EXERCISE AIM >> Only the lines holding the string "thesis" are needed; copy each of them from the data.

Saved entries
··········
lemma norm_diff_le_of_deriv_powr_bound':
  fixes f :: "complex \<Rightarrow> complex"
  assumes "f holomorphic_on ball 0 1" "\<gamma> \<noteq> 1" "M \<ge> 0"
    and "\<And>w. w \<in> ball 0 1 \<Longrightarrow> norm (deriv f w) \<le> M * (1 - norm w) powr (-\<gamma>)"
    and z: "z \<in> ball 0 1"
  shows "norm (f z - f 0) \<le> M / \<bar>1 - \<gamma>\<bar> * (1 - norm z) powr (- max 0 (\<gamma> - 1))"
proof -
  note growth = norm_diff_le_of_deriv_powr_bound[OF assms(1,2,4) z]
  have "0 < 1 - norm z" using z by simp
  show ?thesis
  proof (cases "\<gamma> < 1")
    case True
    have "M * (1 - (1 - norm z) powr (1 - \<gamma>)) / (1 - \<gamma>) \<le> M * 1 / (1 - \<gamma>)"
      using True \<open>M \<ge> 0\<close> by (intro divide_right_mono mult_left_mono) auto
    with growth True \<open>0 < 1 - norm z\<close> show ?thesis by simp
  next
    case False
    then have "\<gamma> > 1" using \<open>\<gamma> \<noteq> 1\<close> by simp
    have "M * (1 - (1 - norm z) powr (1 - \<gamma>)) / (1 - \<gamma>) = M * ((1 - norm z) powr (1 - \<gamma>) - 1) / (\<gamma> - 1)"
      using \<open>\<gamma> > 1\<close> by (simp add: field_simps)
    also have "\<dots> \<le> M * (1 - norm z) powr (1 - \<gamma>) / (\<gamma> - 1)"
      using \<open>\<gamma> > 1\<close> \<open>M \<ge> 0\<close> by (intro divide_right_mono mult_left_mono) auto
    finally show ?thesis using growth \<open>\<gamma> > 1\<close> by simp
  qed
qed

lemma norm_slope0_le:
  fixes f :: "complex \<Rightarrow> complex"
  assumes hol: "f holomorphic_on ball 0 1" and "0 \<le> \<gamma>" "\<gamma> \<noteq> 1" "M \<ge> 0"
    and bd: "\<And>w. w \<in> ball 0 1 \<Longrightarrow> norm (deriv f w) \<le> M * (1 - norm w) powr (-\<gamma>)"
    and z: "z \<in> ball 0 1"
  shows "norm (slope0 f z) \<le> M * max (2 powr \<gamma>) (2 / \<bar>1 - \<gamma>\<bar>) * (1 - norm z) powr (- max 0 (\<gamma> - 1))"
    (is "_ \<le> M * ?C * ?s")
proof -
  have "0 < 1 - norm z" using z by simp
  then have "1 \<le> ?s"
    using powr_mono'[of "- max 0 (\<gamma> - 1)" 0 "1 - norm z"] by simp
  have deriv_near_0: "norm (deriv f w) \<le> M * 2 powr \<gamma>" if "norm w \<le> 1/2" for w
  proof -
    have "norm (deriv f w) \<le> M * (1 - norm w) powr (-\<gamma>)"
      using bd that by simp
    also have "\<dots> \<le> M * (1/2) powr (-\<gamma>)"
      using that \<open>0 \<le> \<gamma>\<close> \<open>M \<ge> 0\<close> by (intro mult_left_mono powr_mono2') auto
    finally show ?thesis
      by (simp add: powr_minus powr_divide)
  qed
  have "M * 2 powr \<gamma> \<le> M * ?C"
    using \<open>M \<ge> 0\<close> by (intro mult_left_mono) auto
  also have "\<dots> \<le> M * ?C * ?s"
    using \<open>1 \<le> ?s\<close> \<open>M \<ge> 0\<close> mult_left_mono[of 1 ?s "M * ?C"] by (simp add: max.coboundedI1)
  finally have near_0: "M * 2 powr \<gamma> \<le> M * ?C * ?s" .
  consider "z = 0" | "z \<noteq> 0" "norm z \<le> 1/2" | "norm z > 1/2" by linarith
  then show ?thesis
  proof cases
    case 1
    then show ?thesis
      using deriv_near_0[of 0] near_0 by (simp add: slope0_def)
  next
    case 2
    have "norm (f z - f 0) \<le> M * 2 powr \<gamma> * norm (z - 0)"
    proof (rule field_differentiable_bound[OF convex_cball])
      show "(f has_field_derivative deriv f w) (at w within cball 0 (1/2))"
        if "w \<in> cball 0 (1/2)" for w
        using that by (intro holomorphic_derivI[OF hol open_ball]) auto
    qed (use 2 deriv_near_0 in auto)
    with 2 have "norm (slope0 f z) \<le> M * 2 powr \<gamma>"
      by (simp add: slope0_def norm_divide divide_le_eq mult.commute)
    with near_0 show ?thesis by linarith
  next
    case 3
    have "z \<noteq> 0" using 3 by auto
    with 3 have "norm (slope0 f z) \<le> 2 * norm (f z - f 0)"
      using mult_left_mono[of 1 "2 * norm z" "norm (f z - f 0)"]
      by (simp add: slope0_def norm_divide divide_le_eq mult_ac)
    also have "norm (f z - f 0) \<le> M / \<bar>1 - \<gamma>\<bar> * ?s"
      by (rule norm_diff_le_of_deriv_powr_bound') (use assms in auto)
    also have "2 * (M / \<bar>1 - \<gamma>\<bar> * ?s) = M * (2 / \<bar>1 - \<gamma>\<bar>) * ?s"
      by simp
    also have "\<dots> \<le> M * ?C * ?s"
      using \<open>M \<ge> 0\<close> by (intro mult_right_mono mult_left_mono) auto
    finally show ?thesis by simp
  qed
qed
··········
FINAL ANSWER >>
  show ?thesis
    with growth True \<open>0 < 1 - norm z\<close> show ?thesis by simp
    finally show ?thesis using growth \<open>\<gamma> > 1\<close> by simp
    finally show ?thesis
  then show ?thesis
    then show ?thesis
    with near_0 show ?thesis by linarith
    finally show ?thesis by simp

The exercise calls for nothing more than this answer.